Stored items
(* Let $r_1,r_2,r_3,L>0$ with $r_2>\max(r_1,r_3)$. Let $m(y)=r_1\mathbf 1_{y<0}+r_2\mathbf 1_{0\le y<1}+r_3\mathbf 1_{1\le y}$ and $\mathcal L=L^{-2}\frac{d^2}{dy^2}+m$. Define the generalized principal eigenvalue $$\lambda_1=\sup\{\lambda\in\mathbb{R} : \exists\,\varphi\in W^{2,1}_{\mathrm{loc}}(\mathbb{R}),\ \varphi>0,\ (\mathcal L+\lambda)\varphi\le0\}.$$ Let $\underline{L}=0$ if $r_1=r_3$ and $\underline{L}=\frac{1}{\sqrt{r_2-\max(r_1,r_3)}}\operatorname{arccot}\big(\sqrt{\frac{r_2-\max(r_1,r_3)}{|r_1-r_3|}}\big)$ if $r_1\ne r_3$, where $\operatorname{arccot}$ is the inverse of $\cot|_{(0,\pi)}$. Then: (i) if $L\le\underline{L}$, then $\lambda_1=-\max(r_1,r_3)$; (ii) if $L>\underline{L}$, then $\lambda_1$ is the unique zero of the function $$\lambda\in(-r_2,\overline{\lambda})\mapsto\cot\big(L\sqrt{r_2+\lambda}\big)-\frac{r_2+\lambda-\sqrt{(r_1+\lambda)(r_3+\lambda)}}{\sqrt{r_2+\lambda}\big(\sqrt{-r_1-\lambda}+\sqrt{-r_3-\lambda}\big)},$$ where $\overline{\lambda}=\min\big(-\max(r_1,r_3),\frac{\pi^2}{L^2}-r_2\big)$. *)

theory Defs
  imports "HOL-Analysis.Analysis"
begin

definition mcoef :: "real \<Rightarrow> real \<Rightarrow> real \<Rightarrow> real \<Rightarrow> real" where
  "mcoef r1 r2 r3 y = (if y < 0 then r1 else if y < 1 then r2 else r3)"

text \<open>phi in W^{2,1}_loc(R) (one-dimensional): phi is differentiable with derivative dphi,
  and dphi is locally absolutely continuous with weak derivative ddphi in L^1_loc,
  i.e. dphi b - dphi a is the integral of ddphi over [a,b].\<close>
definition W21loc :: "(real \<Rightarrow> real) \<Rightarrow> (real \<Rightarrow> real) \<Rightarrow> (real \<Rightarrow> real) \<Rightarrow> bool" where
  "W21loc phi dphi ddphi \<longleftrightarrow>
     (\<forall>x. (phi has_real_derivative dphi x) (at x)) \<and>
     (\<forall>a b. ddphi absolutely_integrable_on {a..b}) \<and>
     (\<forall>a b. a \<le> b \<longrightarrow> (ddphi has_integral (dphi b - dphi a)) {a..b})"

definition gen_princ_eig :: "real \<Rightarrow> (real \<Rightarrow> real) \<Rightarrow> real" where
  "gen_princ_eig L m = Sup {lam. \<exists>phi dphi ddphi. W21loc phi dphi ddphi \<and> (\<forall>y. phi y > 0) \<and>
       (AE y in lborel. ddphi y / L\<^sup>2 + m y * phi y + lam * phi y \<le> 0)}"

definition arccot :: "real \<Rightarrow> real" where
  "arccot x = (THE t. 0 < t \<and> t < pi \<and> cot t = x)"

definition Lunder :: "real \<Rightarrow> real \<Rightarrow> real \<Rightarrow> real" where
  "Lunder r1 r2 r3 = (if r1 = r3 then 0 else
     1 / sqrt (r2 - max r1 r3) * arccot (sqrt ((r2 - max r1 r3) / \<bar>r1 - r3\<bar>)))"

definition lam_bar :: "real \<Rightarrow> real \<Rightarrow> real \<Rightarrow> real \<Rightarrow> real" where
  "lam_bar r1 r2 r3 L = min (- max r1 r3) (pi\<^sup>2 / L\<^sup>2 - r2)"

definition Fdisp :: "real \<Rightarrow> real \<Rightarrow> real \<Rightarrow> real \<Rightarrow> real \<Rightarrow> real" where
  "Fdisp r1 r2 r3 L lam = cot (L * sqrt (r2 + lam)) -
     (r2 + lam - sqrt ((r1 + lam) * (r3 + lam))) /
     (sqrt (r2 + lam) * (sqrt (- r1 - lam) + sqrt (- r3 - lam)))"

end

theory Submission
  imports Defs
begin

(* lambda_1 is the supremum of the lam admitting a positive weak supersolution of
   phi'' + c phi <= 0 with c = L^2 (m + lam). By a Sturm-type comparison (a strong minimum
   principle), such a supersolution dominates any solution of the equation with a smaller
   constant on an interval where it does so at the endpoints. Comparing with sine arches inside
   the outer layers gives lambda_1 <= - max r1 r3; comparing with a positive eigenfunction that
   decays exponentially at both ends shows that no lam above its eigenvalue is admissible.
   Such eigenfunctions are glued from two exponentials and a trigonometric middle piece, and
   C^1 matching at y = 1 is exactly Fdisp = 0; for L <= Lunder a positive solution already
   exists at lam = - max r1 r3. For L > Lunder, Fdisp is positive near - r2 and negative
   near lam_bar, so it has a zero in between. *)

section \<open>Weak solutions of u'' + c u = 0\<close>

definition weak_solution_on ::
    "(real \<Rightarrow> real) \<Rightarrow> (real \<Rightarrow> real) \<Rightarrow> (real \<Rightarrow> real) \<Rightarrow> real set \<Rightarrow> bool" where
  "weak_solution_on c u du S \<longleftrightarrow>
     (\<forall>x\<in>S. (u has_real_derivative du x) (at x)) \<and>
     (\<forall>a\<in>S. \<forall>b\<in>S. a \<le> b \<longrightarrow> ((\<lambda>y. - c y * u y) has_integral (du b - du a)) {a..b})"

definition weak_supersolution ::
    "(real \<Rightarrow> real) \<Rightarrow> (real \<Rightarrow> real) \<Rightarrow> (real \<Rightarrow> real) \<Rightarrow> bool" where
  "weak_supersolution c u du \<longleftrightarrow>
     (\<forall>x. (u has_real_derivative du x) (at x)) \<and>
     (\<forall>a b. a \<le> b \<longrightarrow> (\<exists>I. ((\<lambda>y. - c y * u y) has_integral I) {a..b} \<and> du b - du a \<le> I))"

lemma has_integral_reflect_shift:
  fixes f :: "real \<Rightarrow> 'a::banach"
  assumes "(f has_integral i) {s - b..s - a}"
  shows "((\<lambda>y. f (s - y)) has_integral i) {a..b}"
proof -
  have "((\<lambda>x. f (x + s)) has_integral i) {-b..-a}"
    using has_integral_shift_real_ivl[OF assms, of s] by simp
  then show ?thesis
    using has_integral_reflect_real[of "\<lambda>x. f (x + s)" i "-a" "-b"] by simp
qed

lemma has_real_derivative_reflect_shift:
  assumes "(u has_real_derivative du (s - x)) (at (s - x))"
  shows "((\<lambda>y. u (s - y)) has_real_derivative - du (s - x)) (at x)"
proof -
  have "((\<lambda>y. s - y) has_real_derivative -1) (at x)"
    by (auto intro!: derivative_eq_intros)
  from DERIV_chain2[of u, OF assms this] show ?thesis by simp
qed

lemma weak_supersolution_reflect:
  assumes "weak_supersolution c u du"
  shows "weak_supersolution (\<lambda>y. c (s - y)) (\<lambda>y. u (s - y)) (\<lambda>y. - du (s - y))"
  unfolding weak_supersolution_def
proof (intro conjI allI impI)
  show "((\<lambda>y. u (s - y)) has_real_derivative - du (s - x)) (at x)" for x
    using assms unfolding weak_supersolution_def by (blast intro: has_real_derivative_reflect_shift)
  fix a b :: real
  assume "a \<le> b"
  then obtain I where "((\<lambda>y. - c y * u y) has_integral I) {s - b..s - a}" "du (s - a) - du (s - b) \<le> I"
    using assms unfolding weak_supersolution_def by (meson diff_left_mono)
  then show "\<exists>I. ((\<lambda>y. - c (s - y) * u (s - y)) has_integral I) {a..b} \<and> - du (s - b) - - du (s - a) \<le> I"
    by (auto dest: has_integral_reflect_shift)
qed

lemma weak_solution_on_reflect:
  assumes "weak_solution_on c u du UNIV"
  shows "weak_solution_on (\<lambda>y. c (s - y)) (\<lambda>y. u (s - y)) (\<lambda>y. - du (s - y)) UNIV"
  unfolding weak_solution_on_def
proof (intro conjI ballI impI)
  show "((\<lambda>y. u (s - y)) has_real_derivative - du (s - x)) (at x)" for x
    using assms unfolding weak_solution_on_def by (blast intro: has_real_derivative_reflect_shift)
  fix a b :: real
  assume "a \<le> b"
  then have "((\<lambda>y. - c y * u y) has_integral (du (s - a) - du (s - b))) {s - b..s - a}"
    using assms unfolding weak_solution_on_def by simp
  then show "((\<lambda>y. - c (s - y) * u (s - y)) has_integral (- du (s - b) - - du (s - a))) {a..b}"
    by (auto dest: has_integral_reflect_shift)
qed

lemma weak_solution_on_coeff_cong:
  assumes "weak_solution_on c u du S" "is_interval S" "finite F"
    and "\<And>y. y \<in> S \<Longrightarrow> y \<notin> F \<Longrightarrow> c y = c' y"
  shows "weak_solution_on c' u du S"
  unfolding weak_solution_on_def
proof (intro conjI ballI impI)
  show "(u has_real_derivative du x) (at x)" if "x \<in> S" for x
    using assms(1) that unfolding weak_solution_on_def by blast
  fix a b assume ab: "a \<in> S" "b \<in> S" "a \<le> b"
  have "((\<lambda>y. - c y * u y) has_integral (du b - du a)) {a..b}"
    using assms(1) ab unfolding weak_solution_on_def by blast
  then show "((\<lambda>y. - c' y * u y) has_integral (du b - du a)) {a..b}"
  proof (rule has_integral_spike_finite[OF assms(3), rotated])
    fix y assume "y \<in> {a..b} - F"
    then have "y \<in> S" "y \<notin> F" using mem_is_interval_1_I[OF assms(2) ab(1,2)] by auto
    then show "- c' y * u y = - c y * u y" using assms(4) by simp
  qed
qed

lemma weak_solution_on_const_coeff:
  assumes "\<And>x. (u has_real_derivative du x) (at x)"
    and "\<And>x. (du has_real_derivative - k * u x) (at x)"
  shows "weak_solution_on (\<lambda>_. k) u du S"
  unfolding weak_solution_on_def
proof (intro conjI ballI impI)
  show "(u has_real_derivative du x) (at x)" for x by (fact assms(1))
  fix a b :: real assume "a \<le> b"
  then show "((\<lambda>y. - k * u y) has_integral (du b - du a)) {a..b}"
    using assms(2) by (intro fundamental_theorem_of_calculus)
      (auto simp flip: has_real_derivative_iff_has_vector_derivative intro: has_field_derivative_at_within)
qed
lemma SL2_factors_of_generic_diagonal:
  assumes "\<kappa>1 \<noteq> 0" "\<kappa>2 \<noteq> 0" "t1 = \<kappa>1 + inverse \<kappa>1" "t2 = \<kappa>2 + inverse \<kappa>2"
    "a1 \<in> SL2_tr t1" "a2 \<in> SL2_tr t2" "a1 ** a2 = matD l"
    "l \<notin> {1, -1, \<kappa>1 * \<kappa>2, \<kappa>1 * inverse \<kappa>2, inverse \<kappa>1 * \<kappa>2, inverse \<kappa>1 * inverse \<kappa>2}"
  shows "\<exists>\<mu>. \<mu> \<noteq> 0 \<and> a1 = matH l t1 t2 (- l * \<mu>) \<and> a2 = matH l t2 t1 \<mu>"
proof -
  from assms(8) have "l \<noteq> 1" "l \<noteq> -1"
    by auto
  with assms(5-7) obtain a b c d where a1: "a1 = mat2 a b c d"
    and a2: "a2 = mat2 (d * l) (- b * inverse l) (- c * l) (a * inverse l)"
    and det: "a*d - b*c = 1" and "l \<noteq> 0" and z: "l - inverse l \<noteq> 0"
    and diag: "a * (l - inverse l) = l * t1 - t2" "d * (l - inverse l) = t2 - inverse l * t1"
    by (rule SL2_factors_of_diagonal)
  have "b \<noteq> 0"
    using SL2_triangular_factors_of_diagonal[OF assms(1-7) \<open>l \<noteq> 1\<close> \<open>l \<noteq> -1\<close>] assms(8)
    by (auto simp: a1)
  define \<mu> where "\<mu> = - b * inverse l * (l - inverse l)"
  have "a1 = matH l t1 t2 (b * (l - inverse l))"
    unfolding a1 using z diag det \<open>b \<noteq> 0\<close> by (rule mat2_eq_matH)
  moreover have "- l * \<mu> = b * (l - inverse l)"
    using \<open>l \<noteq> 0\<close> by (simp add: \<mu>_def field_simps)
  moreover have "a2 = matH l t2 t1 \<mu>"
  proof -
    have e: "(d * l) * (l - inverse l) = l * t2 - t1"
      using arg_cong[OF diag(2), of "(*) l"] \<open>l \<noteq> 0\<close> by (simp add: field_simps)
    have h: "(a * inverse l) * (l - inverse l) = t1 - inverse l * t2"
      using arg_cong[OF diag(1), of "(*) (inverse l)"] \<open>l \<noteq> 0\<close> by (simp add: field_simps)
    have "(d * l) * (a * inverse l) - (- b * inverse l) * (- c * l) = 1"
      using det \<open>l \<noteq> 0\<close> by (simp add: field_simps)
    moreover have "- b * inverse l \<noteq> 0"
      using \<open>b \<noteq> 0\<close> \<open>l \<noteq> 0\<close> by simp
    ultimately show ?thesis
      unfolding a2 \<mu>_def using mat2_eq_matH[OF z e h] by simp
  qed
  moreover have "\<mu> \<noteq> 0"
    using \<open>b \<noteq> 0\<close> \<open>l \<noteq> 0\<close> z by (simp add: \<mu>_def)
  ultimately show ?thesis
    by metis
qed

lemma SL2_factors_of_special_diagonal:
  assumes "k1 \<noteq> 0" "k2 \<noteq> 0" "t1 = k1 + inverse k1" "t2 = k2 + inverse k2"
    "a1 \<in> SL2_tr t1" "a2 \<in> SL2_tr t2" "a1 ** a2 = matD (k1 * k2)" "k1 * k2 \<noteq> 1" "k1 * k2 \<noteq> -1"
  shows "(\<exists>\<alpha>. a1 = uplus k1 (- k1 * \<alpha>) \<and> a2 = uplus k2 (inverse k2 * \<alpha>))
       \<or> (\<exists>\<alpha>. a1 = uminus2 k1 (- inverse k1 * \<alpha>) \<and> a2 = uminus2 k2 (k2 * \<alpha>))"
proof -
  from assms(5-9) obtain a b c d where a1: "a1 = mat2 a b c d"
    and a2: "a2 = mat2 (d * (k1 * k2)) (- b * inverse (k1 * k2)) (- c * (k1 * k2)) (a * inverse (k1 * k2))"
    and det: "a*d - b*c = 1" and tr: "a + d = t1" and z: "k1 * k2 - inverse (k1 * k2) \<noteq> 0"
    and diag: "a * (k1 * k2 - inverse (k1 * k2)) = k1 * k2 * t1 - t2"
    by (rule SL2_factors_of_diagonal)
  have "k1 * k2 * t1 - t2 = k1 * (k1 * k2 - inverse (k1 * k2))"
    unfolding assms(3,4) using assms(1,2) by (simp add: field_simps)
  with diag z have "a = k1"
    by simp
  with tr assms(3) have "d = inverse k1"
    by simp
  with det \<open>a = k1\<close> assms(1) have "b = 0 \<or> c = 0"
    by simp
  then show ?thesis
  proof
    assume "c = 0"
    then have "a1 = uplus k1 (- k1 * (- b / k1)) \<and> a2 = uplus k2 (inverse k2 * (- b / k1))"
      using \<open>a = k1\<close> \<open>d = inverse k1\<close> assms(1,2) by (simp add: a1 a2 uplus_def field_simps)
    then show ?thesis
      by blast
  next
    assume "b = 0"
    then have "a1 = uminus2 k1 (- inverse k1 * (- c * k1)) \<and> a2 = uminus2 k2 (k2 * (- c * k1))"
      using \<open>a = k1\<close> \<open>d = inverse k1\<close> assms(1,2) by (simp add: a1 a2 uminus2_def field_simps)
    then show ?thesis
      by blast
  qed
qed

lemma SL2_factors_of_neg_parabolic:
  assumes "a1 \<in> SL2_tr t1" "a2 \<in> SL2_tr t2" "a1 ** a2 = - matP"
  obtains a b d where "a1 = mat2 a b (t1 + t2) d" "a2 = mat2 (- d) (b - d) (t1 + t2) (t1 + t2 - a)"
    "a*d - b*(t1 + t2) = 1" "a + d = t1"
proof -
  obtain a b c d where a1: "a1 = mat2 a b c d" by (rule mat2_cases)
  have det: "a*d - b*c = 1" and tr: "a + d = t1"
    using assms(1) by (simp_all add: a1)
  have a2: "a2 = mat2 (- d) (b - d) c (c - a)"
    using right_factor_eq_adjugate_mult[OF det assms(3)[unfolded a1]] by (simp add: matP_def)
  have "c - a - d = t2"
    using assms(2) by (simp add: a2)
  then have "c = t1 + t2"
    unfolding tr[symmetric] by (simp add: algebra_simps)
  with that a1 a2 det tr show thesis
    by simp
qed

lemma SL2_factors_of_neg_parabolic_opposite_traces:
  assumes "\<kappa>2 \<noteq> 0" "t2 = \<kappa>2 + inverse \<kappa>2"
    "a1 \<in> SL2_tr t1" "a2 \<in> SL2_tr t2" "a1 ** a2 = - matP" "t1 + t2 = 0"
  shows "\<exists>\<xi> (\<epsilon>::int). \<epsilon> \<in> {1, -1} \<and>
    a1 = uplus (- (\<kappa>2 powi (- \<epsilon>))) \<xi> \<and> a2 = uplus (\<kappa>2 powi \<epsilon>) (\<xi> + \<kappa>2 powi \<epsilon>)"
proof -
  from assms(3-5) obtain a b d where "a1 = mat2 a b (t1 + t2) d"
    and "a2 = mat2 (- d) (b - d) (t1 + t2) (t1 + t2 - a)"
    and "a*d - b*(t1 + t2) = 1" and tr: "a + d = t1"
    by (rule SL2_factors_of_neg_parabolic)
  with assms(6) have a1: "a1 = mat2 a b 0 d" and a2: "a2 = mat2 (- d) (b - d) 0 (- a)"
    and det: "a * d = 1"
    by simp_all
  then have "d \<noteq> 0" "a = inverse d"
    by (auto intro: inverse_unique[symmetric] simp: mult.commute)
  then have "- d + inverse (- d) = - (a + d)"
    by simp
  also have "\<dots> = \<kappa>2 + inverse \<kappa>2"
    using tr assms(2,6) by (simp add: add_eq_0_iff)
  finally have "- d + inverse (- d) = \<kappa>2 + inverse \<kappa>2" .
  with \<open>d \<noteq> 0\<close> assms(1) have "- d = \<kappa>2 \<or> - d = inverse \<kappa>2"
    using plus_inverse_eq_plus_inverse_iff[of "- d" \<kappa>2] by simp
  then obtain \<epsilon> :: int where "\<epsilon> \<in> {1, -1}" "\<kappa>2 powi \<epsilon> = - d"
    by (metis insertI1 insertI2 power_int_1_right power_int_minus1_right)
  with \<open>d \<noteq> 0\<close> \<open>a = inverse d\<close> have "a1 = uplus (- (\<kappa>2 powi (- \<epsilon>))) b"
    "a2 = uplus (\<kappa>2 powi \<epsilon>) (b + \<kappa>2 powi \<epsilon>)"
    by (simp_all add: a1 a2 uplus_def power_int_minus)
  with \<open>\<epsilon> \<in> {1, -1}\<close> show ?thesis
    by blast
qed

### [What you need to do]
Please say how many lines in the entries hold the string "that". Give only the number.

### [Result below]
4